lemma eigen_bounded_right_tail:
  assumes "lam > 4" "laplacian p v = (\<lambda>i. lam * v i)" "\<And>i. \<bar>v i\<bar> \<le> B"
  shows "v (int n) = sigma_plus lam ^ n * v 0"
proof -
  have "v (int (n + 2)) + (lam - 2) * v (int (n + 1)) + v (int n) = 0" for n
    using laplacian_path[of "int n + 1" p v] fun_cong[OF assms(2), of "int n + 1"]
    by (simp add: algebra_simps)
  from bounded_recurrence_geometric[of lam "\<lambda>n. v (int n)", OF assms(1) assms(3) this]
  show ?thesis by simp
qed

lemma eigvec_perp_eq_geom_vec:
  assumes "p \<ge> 2" "lam > 4" "is_eigvec p v lam" "v \<in> E_K_perp p"
  shows "v = geom_vec p (sigma_plus lam) (v 0) (v (- int p + 1)) (v (-1))"
proof
  fix i
  have eigen: "laplacian p v = (\<lambda>i. lam * v i)" and "v \<in> l2"
    using assms(3) by (simp_all add: is_eigvec_def)
  obtain B where B: "\<And>i. \<bar>v i\<bar> \<le> B"
    using l2_bounded[OF \<open>v \<in> l2\<close>] by blast
  then have B': "\<bar>(v \<circ> reflect p) i\<bar> \<le> B" for i
    by simp
  have "i \<ge> 0 \<or> i \<le> - int p + 1 \<or> i \<in> {- int p + 2 .. -1}"
    by auto
  then show "v i = geom_vec p (sigma_plus lam) (v 0) (v (- int p + 1)) (v (-1)) i"
  proof (elim disjE)
    assume "i \<ge> 0"
    then show ?thesis
      using eigen_bounded_right_tail[OF assms(2) eigen B, of "nat i"] by (simp add: geom_vec_right_tail)
  next
    assume "i \<le> - int p + 1"
    then have i: "i = reflect p (int (nat (reflect p i)))"
      by (simp add: reflect_def)
    have "v i = sigma_plus lam ^ nat (reflect p i) * v (reflect p 0)"
      using eigen_bounded_right_tail[OF assms(2) eigen_reflect[OF eigen] B', of "nat (reflect p i)"]
      by (subst i) simp
    with \<open>i \<le> - int p + 1\<close> show ?thesis
      using assms(1) by (simp add: geom_vec_left_tail reflect_def)
  next
    assume "i \<in> {- int p + 2 .. -1}"
    then show ?thesis
      using E_K_perp_const_interior[OF assms(4) \<open>i \<in> {- int p + 2 .. -1}\<close>]
      by (simp add: geom_vec_interior)
  qed
qed

lemma eigvec_perp_iff_geom_vec:
  assumes "p \<ge> 3" "lam > 4"
  shows "is_eigvec p v lam \<and> v \<in> E_K_perp p \<longleftrightarrow>
    (\<exists>c d. (c \<noteq> 0 \<or> d \<noteq> 0) \<and> (c - d) * F_A p lam = 0 \<and> (c + d) * F_S p lam = 0 \<and>
       v = geom_vec p (sigma_plus lam) c d ((c + d) / (2 - lam)))"
    (is "?eigvec \<longleftrightarrow> (\<exists>c d. ?geom c d)")
proof
  assume ?eigvec
  have "lam \<noteq> 2" "p \<ge> 2"
    using assms by auto
  define c d m where "c = v 0" and "d = v (- int p + 1)" and "m = v (-1)"
  have v: "v = geom_vec p (sigma_plus lam) c d m"
    unfolding c_def d_def m_def using eigvec_perp_eq_geom_vec[OF \<open>p \<ge> 2\<close> assms(2)] \<open>?eigvec\<close> by blast
  have eqs: "(c - d) * F_A p lam = 0" "(c + d) * F_S p lam = 0" "(2 - lam) * m = c + d"
    using \<open>?eigvec\<close> geom_vec_eigen_iff[OF assms(2,1)] v by (simp_all add: is_eigvec_def)
  have "c \<noteq> 0 \<or> d \<noteq> 0"
  proof (rule ccontr)
    assume "\<not> (c \<noteq> 0 \<or> d \<noteq> 0)"
    then have "c = 0" "d = 0" "m = 0"
      using eqs(3) \<open>lam \<noteq> 2\<close> by auto
    then show False
      using \<open>?eigvec\<close> v geom_vec_eq_0_iff[OF assms(1)] by (simp add: is_eigvec_def)
  qed
  moreover have "m = (c + d) / (2 - lam)"
    using eqs(3) \<open>lam \<noteq> 2\<close> by (simp add: field_simps)
  ultimately have "?geom c d"
    using v eqs by blast
  then show "\<exists>c d. ?geom c d"
    by blast
next
  assume "\<exists>c d. ?geom c d"
  then obtain c d where nonzero: "c \<noteq> 0 \<or> d \<noteq> 0" and eqs: "(c - d) * F_A p lam = 0"
    "(c + d) * F_S p lam = 0" and v: "v = geom_vec p (sigma_plus lam) c d ((c + d) / (2 - lam))"
    by blast
  have "\<bar>sigma_plus lam\<bar> < 1" "p \<ge> 2" "lam \<noteq> 2"
    using assms abs_sigma_plus_less_1 by auto
  moreover have "laplacian p v = (\<lambda>i. lam * v i)"
    unfolding v geom_vec_eigen_iff[OF assms(2,1)] using eqs \<open>lam \<noteq> 2\<close> by simp
  moreover have "v \<noteq> (\<lambda>_. 0)"
    unfolding v geom_vec_eq_0_iff[OF assms(1)] using nonzero by auto
  ultimately show ?eigvec
    unfolding v is_eigvec_def using geom_vec_in_l2 geom_vec_in_E_K_perp by simp
qed

lemma eigvec_perp_symmetric_or_antisymmetric:
  assumes "p \<ge> 3" "lam > 4" "is_eigvec p v lam" "v \<in> E_K_perp p"
  shows "symmetric_vec p v \<or> antisymmetric_vec p v"
proof -
  obtain c d where eqs: "(c - d) * F_A p lam = 0" "(c + d) * F_S p lam = 0"
    and v: "v = geom_vec p (sigma_plus lam) c d ((c + d) / (2 - lam))"
    using eigvec_perp_iff_geom_vec[OF assms(1,2)] assms(3,4) by blast
  show ?thesis
  proof (cases "F_A p lam = 0")
    case True
    then have "d = - c"
      using eqs(2) F_A_F_S_no_common_root[OF assms(2)] by (simp add: eq_neg_iff_add_eq_0 add.commute)
    then show ?thesis
      using assms(1) by (simp add: v antisymmetric_geom_vec_iff)
  next
    case False
    then have "d = c"
      using eqs(1) by simp
    then show ?thesis
      using assms(1) by (simp add: v symmetric_geom_vec_iff)
  qed
qed

lemma symmetric_eigvec_perp_iff:
  assumes "p \<ge> 3" "lam > 4"
  shows "(\<exists>v. is_eigvec p v lam \<and> v \<in> E_K_perp p \<and> symmetric_vec p v) \<longleftrightarrow> F_S p lam = 0"
proof
  assume "\<exists>v. is_eigvec p v lam \<and> v \<in> E_K_perp p \<and> symmetric_vec p v"
  then obtain v c d where "symmetric_vec p v" "c \<noteq> 0 \<or> d \<noteq> 0" "(c + d) * F_S p lam = 0"
    and v: "v = geom_vec p (sigma_plus lam) c d ((c + d) / (2 - lam))"
    using eigvec_perp_iff_geom_vec[OF assms] by blast
  moreover have "d = c"
    using \<open>symmetric_vec p v\<close> assms(1) by (simp add: v symmetric_geom_vec_iff)
  ultimately show "F_S p lam = 0"
    by simp
next
  assume "F_S p lam = 0"
  then have "is_eigvec p (geom_vec p (sigma_plus lam) 1 1 (2 / (2 - lam))) lam
      \<and> geom_vec p (sigma_plus lam) 1 1 (2 / (2 - lam)) \<in> E_K_perp p"
    unfolding eigvec_perp_iff_geom_vec[OF assms]
    by (intro exI[of _ 1]) simp
  moreover have "symmetric_vec p (geom_vec p (sigma_plus lam) 1 1 (2 / (2 - lam)))"
    using assms(1) by (simp add: symmetric_geom_vec_iff)
  ultimately show "\<exists>v. is_eigvec p v lam \<and> v \<in> E_K_perp p \<and> symmetric_vec p v"
    by blast
qed
lemma facet_of_PGE:
  fixes I :: "nat \<Rightarrow> 'n::finite set"
  assumes aff: "aff_dim (PG m I y) = int CARD('n) - 1" and F: "F facet_of PG m I y"
  obtains S where "S \<noteq> {}" "S \<noteq> UNIV" "F = PG m I y \<inter> {x. indvec S \<bullet> x = nbhd_weight m I y S}"
proof -
  let ?Q = "PG m I y"
  obtain a b where ab: "?Q \<subseteq> {x. a \<bullet> x \<le> b}" "F = ?Q \<inter> {x. a \<bullet> x = b}"
    using facet_of_polyhedron[OF polytope_imp_polyhedron[OF polytope_PG] F] by blast
  define M where "M = Max (range (($) a))"
  define S where "S = {k. a $ k = M}"
  define G where "G = ?Q \<inter> {x. indvec S \<bullet> x = nbhd_weight m I y S}"
  have "M \<in> range (($) a)"
    unfolding M_def by (rule Max_in) auto
  then have "S \<noteq> {}"
    unfolding S_def by auto
  have "F \<subseteq> G"
  proof
    fix x assume "x \<in> F"
    then have "x \<in> ?Q" "\<forall>v\<in>?Q. a \<bullet> v \<le> a \<bullet> x"
      using ab by auto
    then show "x \<in> G"
      unfolding G_def S_def M_def using PG_argmax_level by blast
  qed
  have "S \<noteq> UNIV"
  proof
    assume "S = UNIV"
    then have "a = M *\<^sub>R indvec UNIV"
      unfolding S_def by (auto simp: vec_eq_iff indvec_def)
    then show False
      using PG_facet_normal_not_multiple_ones[OF F ab] by blast
  qed
  have "G \<noteq> ?Q"
    using PG_not_subset_level[OF aff \<open>S \<noteq> {}\<close> \<open>S \<noteq> UNIV\<close>] unfolding G_def by blast
  moreover have "G face_of ?Q"
    unfolding G_def
    by (intro face_of_Int_supporting_hyperplane_le polytope_imp_convex polytope_PG)
      (simp add: PG_inner_indvec_le)
  ultimately have "F = G"
    using facet_of_eq_face[OF polytope_imp_convex[OF polytope_PG] F] \<open>F \<subseteq> G\<close> by blast
  then show thesis
    using that \<open>S \<noteq> {}\<close> \<open>S \<noteq> UNIV\<close> unfolding G_def by blast
qed

lemma PG_facet_exceeds_level:
  fixes I :: "nat \<Rightarrow> 'n::finite set"
  assumes aff: "aff_dim (PG m I y) = int CARD('n) - 1" and F: "F facet_of PG m I y"
    and FS: "F = PG m I y \<inter> {x. indvec S \<bullet> x = nbhd_weight m I y S}"
    and ab: "PG m I y \<subseteq> {x. a \<bullet> x \<le> b}" "F = PG m I y \<inter> {x. a \<bullet> x = b}"
    and v: "v \<in> Hyp m y" "a \<bullet> v > b"
  shows "indvec S \<bullet> v > nbhd_weight m I y S"
proof -
  have "PG m I y \<subseteq> {x. indvec S \<bullet> x \<le> nbhd_weight m I y S}"
    using PG_inner_indvec_le by blast
  then obtain l where "l > 0" "a \<bullet> v - b = l * (indvec S \<bullet> v - nbhd_weight m I y S)"
    using facet_supporting_hyperplanes_proportional[OF F ab _ FS] affine_hull_PG[OF aff] v(1)
    by blast
  moreover have "0 < l * (indvec S \<bullet> v - nbhd_weight m I y S)"
    using calculation v(2) by linarith
  ultimately show ?thesis
    by (simp add: zero_less_mult_iff)
qed

lemma PG_violated_facetE:
  fixes I :: "nat \<Rightarrow> 'n::finite set"
  assumes aff: "aff_dim (PG m I y) = int CARD('n) - 1"
    and z: "z \<in> Hyp m y" "z \<notin> PG m I y"
  obtains S where "S \<noteq> {}" "S \<noteq> UNIV"
    "PG m I y \<inter> {x. indvec S \<bullet> x = nbhd_weight m I y S} facet_of PG m I y"
    "indvec S \<bullet> z > nbhd_weight m I y S"
proof -
  obtain F a b where F: "F facet_of PG m I y"
    and ab: "PG m I y \<subseteq> {x. a \<bullet> x \<le> b}" "F = PG m I y \<inter> {x. a \<bullet> x = b}" "a \<bullet> z > b"
    using polyhedron_violated_facet[OF polytope_imp_polyhedron[OF polytope_PG]] z
      affine_hull_PG[OF aff] by blast
  obtain S where S: "S \<noteq> {}" "S \<noteq> UNIV"
    and FS: "F = PG m I y \<inter> {x. indvec S \<bullet> x = nbhd_weight m I y S}"
    using facet_of_PGE[OF aff F] by blast
  have "indvec S \<bullet> z > nbhd_weight m I y S"
    using PG_facet_exceeds_level[OF aff F FS ab(1,2) z(1) ab(3)] .
  then show thesis
    using that S F FS by blast
qed

section \<open>Negative facets and good points\<close>

lemma inner_indvec_infty1:
  fixes k1 :: "'n::finite"
  shows "indvec S \<bullet> infty1 m y c k1 = (if k1 \<in> S
     then real (\<Sum>j\<in>{1..m}. y j) + (real CARD('n) - real (card S)) * c
     else - c * real (card S))"
proof (cases "k1 \<in> S")
  case True
  then have "card S \<ge> 1"
    by (metis card_0_eq empty_iff finite less_one not_le)
  have "indvec S \<bullet> infty1 m y c k1 = infty1 m y c k1 $ k1 + (\<Sum>k\<in>S - {k1}. infty1 m y c k1 $ k)"
    using True by (simp add: inner_indvec sum.remove)
  also have "(\<Sum>k\<in>S - {k1}. infty1 m y c k1 $ k) = (\<Sum>k\<in>S - {k1}. - c)"
    by (intro sum.cong) (auto simp: infty1_def)
  finally show ?thesis
    using True \<open>card S \<ge> 1\<close> by (simp add: infty1_def card_Diff_singleton of_nat_diff algebra_simps)
next
  case False
  then have "(\<Sum>k\<in>S. infty1 m y c k1 $ k) = (\<Sum>k\<in>S. - c)"
    by (intro sum.cong) (auto simp: infty1_def)
  then show ?thesis
    using False by (simp add: inner_indvec)
qed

▸ Work to complete: Starting with the line that holds "using True by", copy every line through the end of the data above. Reproduce them exactly, with no other material.

▸ The answer:
    using True by (simp add: inner_indvec sum.remove)
  also have "(\<Sum>k\<in>S - {k1}. infty1 m y c k1 $ k) = (\<Sum>k\<in>S - {k1}. - c)"
    by (intro sum.cong) (auto simp: infty1_def)
  finally show ?thesis
    using True \<open>card S \<ge> 1\<close> by (simp add: infty1_def card_Diff_singleton of_nat_diff algebra_simps)
next
  case False
  then have "(\<Sum>k\<in>S. infty1 m y c k1 $ k) = (\<Sum>k\<in>S. - c)"
    by (intro sum.cong) (auto simp: infty1_def)
  then show ?thesis
    using False by (simp add: inner_indvec)
qed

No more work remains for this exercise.